Brief.
When you find the word "rule" in a line of the entries, please copy the whole line.

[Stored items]
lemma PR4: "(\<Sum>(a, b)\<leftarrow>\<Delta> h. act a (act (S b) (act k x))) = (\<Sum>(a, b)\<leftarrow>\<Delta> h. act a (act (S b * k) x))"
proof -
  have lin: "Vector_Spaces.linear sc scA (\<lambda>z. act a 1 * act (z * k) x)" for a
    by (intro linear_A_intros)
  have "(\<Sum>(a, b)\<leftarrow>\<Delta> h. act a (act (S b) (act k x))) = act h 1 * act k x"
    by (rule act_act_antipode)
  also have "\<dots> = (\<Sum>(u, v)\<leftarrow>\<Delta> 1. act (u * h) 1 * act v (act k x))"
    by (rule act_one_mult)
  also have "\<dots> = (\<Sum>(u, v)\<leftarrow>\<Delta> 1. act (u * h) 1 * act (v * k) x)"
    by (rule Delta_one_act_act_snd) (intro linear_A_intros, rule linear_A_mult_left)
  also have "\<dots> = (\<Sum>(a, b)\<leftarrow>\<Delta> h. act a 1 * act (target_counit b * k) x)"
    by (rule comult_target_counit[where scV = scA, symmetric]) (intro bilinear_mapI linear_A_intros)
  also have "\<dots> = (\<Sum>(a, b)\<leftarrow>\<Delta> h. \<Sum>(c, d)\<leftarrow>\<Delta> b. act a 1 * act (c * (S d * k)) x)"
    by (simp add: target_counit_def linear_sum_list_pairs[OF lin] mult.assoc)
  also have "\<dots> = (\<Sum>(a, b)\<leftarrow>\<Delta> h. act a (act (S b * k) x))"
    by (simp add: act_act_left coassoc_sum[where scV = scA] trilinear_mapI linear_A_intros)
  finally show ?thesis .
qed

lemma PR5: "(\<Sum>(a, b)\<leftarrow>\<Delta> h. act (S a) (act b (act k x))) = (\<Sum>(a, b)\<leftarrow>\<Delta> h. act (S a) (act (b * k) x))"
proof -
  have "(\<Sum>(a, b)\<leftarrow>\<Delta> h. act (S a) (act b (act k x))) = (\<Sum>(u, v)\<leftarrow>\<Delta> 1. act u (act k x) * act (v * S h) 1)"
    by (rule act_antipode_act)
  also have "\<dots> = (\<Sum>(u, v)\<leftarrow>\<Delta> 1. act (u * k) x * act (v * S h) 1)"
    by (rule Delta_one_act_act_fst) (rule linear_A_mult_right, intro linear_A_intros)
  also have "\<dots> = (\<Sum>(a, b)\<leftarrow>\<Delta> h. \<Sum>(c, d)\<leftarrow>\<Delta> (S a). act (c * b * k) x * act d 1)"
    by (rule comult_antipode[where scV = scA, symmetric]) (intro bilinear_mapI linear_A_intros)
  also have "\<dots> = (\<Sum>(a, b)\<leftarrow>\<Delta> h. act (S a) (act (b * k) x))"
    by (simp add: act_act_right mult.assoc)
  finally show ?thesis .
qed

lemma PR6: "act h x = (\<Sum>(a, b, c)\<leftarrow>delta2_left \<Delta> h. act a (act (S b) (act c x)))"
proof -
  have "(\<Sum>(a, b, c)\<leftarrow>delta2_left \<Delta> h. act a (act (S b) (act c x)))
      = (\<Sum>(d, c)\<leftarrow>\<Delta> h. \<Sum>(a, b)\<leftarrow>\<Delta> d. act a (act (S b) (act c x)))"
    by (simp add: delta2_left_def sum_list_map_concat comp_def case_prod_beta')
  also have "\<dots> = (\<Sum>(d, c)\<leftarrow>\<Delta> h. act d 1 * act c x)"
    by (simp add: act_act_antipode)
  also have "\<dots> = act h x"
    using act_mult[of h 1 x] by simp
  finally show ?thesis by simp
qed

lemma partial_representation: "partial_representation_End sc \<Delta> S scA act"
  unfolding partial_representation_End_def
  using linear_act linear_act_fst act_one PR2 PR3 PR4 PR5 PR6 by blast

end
* * *
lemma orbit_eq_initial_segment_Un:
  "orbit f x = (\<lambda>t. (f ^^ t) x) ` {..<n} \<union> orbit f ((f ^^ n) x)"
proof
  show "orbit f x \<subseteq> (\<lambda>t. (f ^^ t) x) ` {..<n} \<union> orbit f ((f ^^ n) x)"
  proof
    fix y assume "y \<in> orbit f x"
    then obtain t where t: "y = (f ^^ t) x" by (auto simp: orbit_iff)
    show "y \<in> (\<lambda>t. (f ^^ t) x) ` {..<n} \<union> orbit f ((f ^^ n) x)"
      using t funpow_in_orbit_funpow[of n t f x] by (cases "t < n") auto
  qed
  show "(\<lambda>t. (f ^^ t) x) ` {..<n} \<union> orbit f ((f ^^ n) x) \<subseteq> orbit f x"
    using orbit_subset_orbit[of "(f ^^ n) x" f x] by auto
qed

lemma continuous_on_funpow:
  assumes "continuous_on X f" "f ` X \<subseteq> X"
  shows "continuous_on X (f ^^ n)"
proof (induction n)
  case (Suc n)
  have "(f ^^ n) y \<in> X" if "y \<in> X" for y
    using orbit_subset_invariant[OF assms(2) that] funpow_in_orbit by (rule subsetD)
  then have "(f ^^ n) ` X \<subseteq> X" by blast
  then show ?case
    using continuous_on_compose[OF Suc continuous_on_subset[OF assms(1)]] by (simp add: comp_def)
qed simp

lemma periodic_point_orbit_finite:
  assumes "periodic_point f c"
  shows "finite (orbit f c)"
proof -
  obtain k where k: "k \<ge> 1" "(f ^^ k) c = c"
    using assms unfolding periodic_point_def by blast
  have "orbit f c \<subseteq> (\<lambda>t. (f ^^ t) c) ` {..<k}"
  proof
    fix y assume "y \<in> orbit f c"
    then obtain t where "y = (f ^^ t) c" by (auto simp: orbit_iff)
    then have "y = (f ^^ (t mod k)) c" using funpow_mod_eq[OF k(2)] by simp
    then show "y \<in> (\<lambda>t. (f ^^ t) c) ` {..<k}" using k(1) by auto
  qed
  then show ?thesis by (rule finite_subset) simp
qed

Answer to the exercise.
    by (rule act_act_antipode)
    by (rule act_one_mult)
    by (rule Delta_one_act_act_snd) (intro linear_A_intros, rule linear_A_mult_left)
    by (rule comult_target_counit[where scV = scA, symmetric]) (intro bilinear_mapI linear_A_intros)
    by (rule act_antipode_act)
    by (rule Delta_one_act_act_fst) (rule linear_A_mult_right, intro linear_A_intros)
    by (rule comult_antipode[where scV = scA, symmetric]) (intro bilinear_mapI linear_A_intros)
    using orbit_subset_invariant[OF assms(2) that] funpow_in_orbit by (rule subsetD)
  then show ?thesis by (rule finite_subset) simp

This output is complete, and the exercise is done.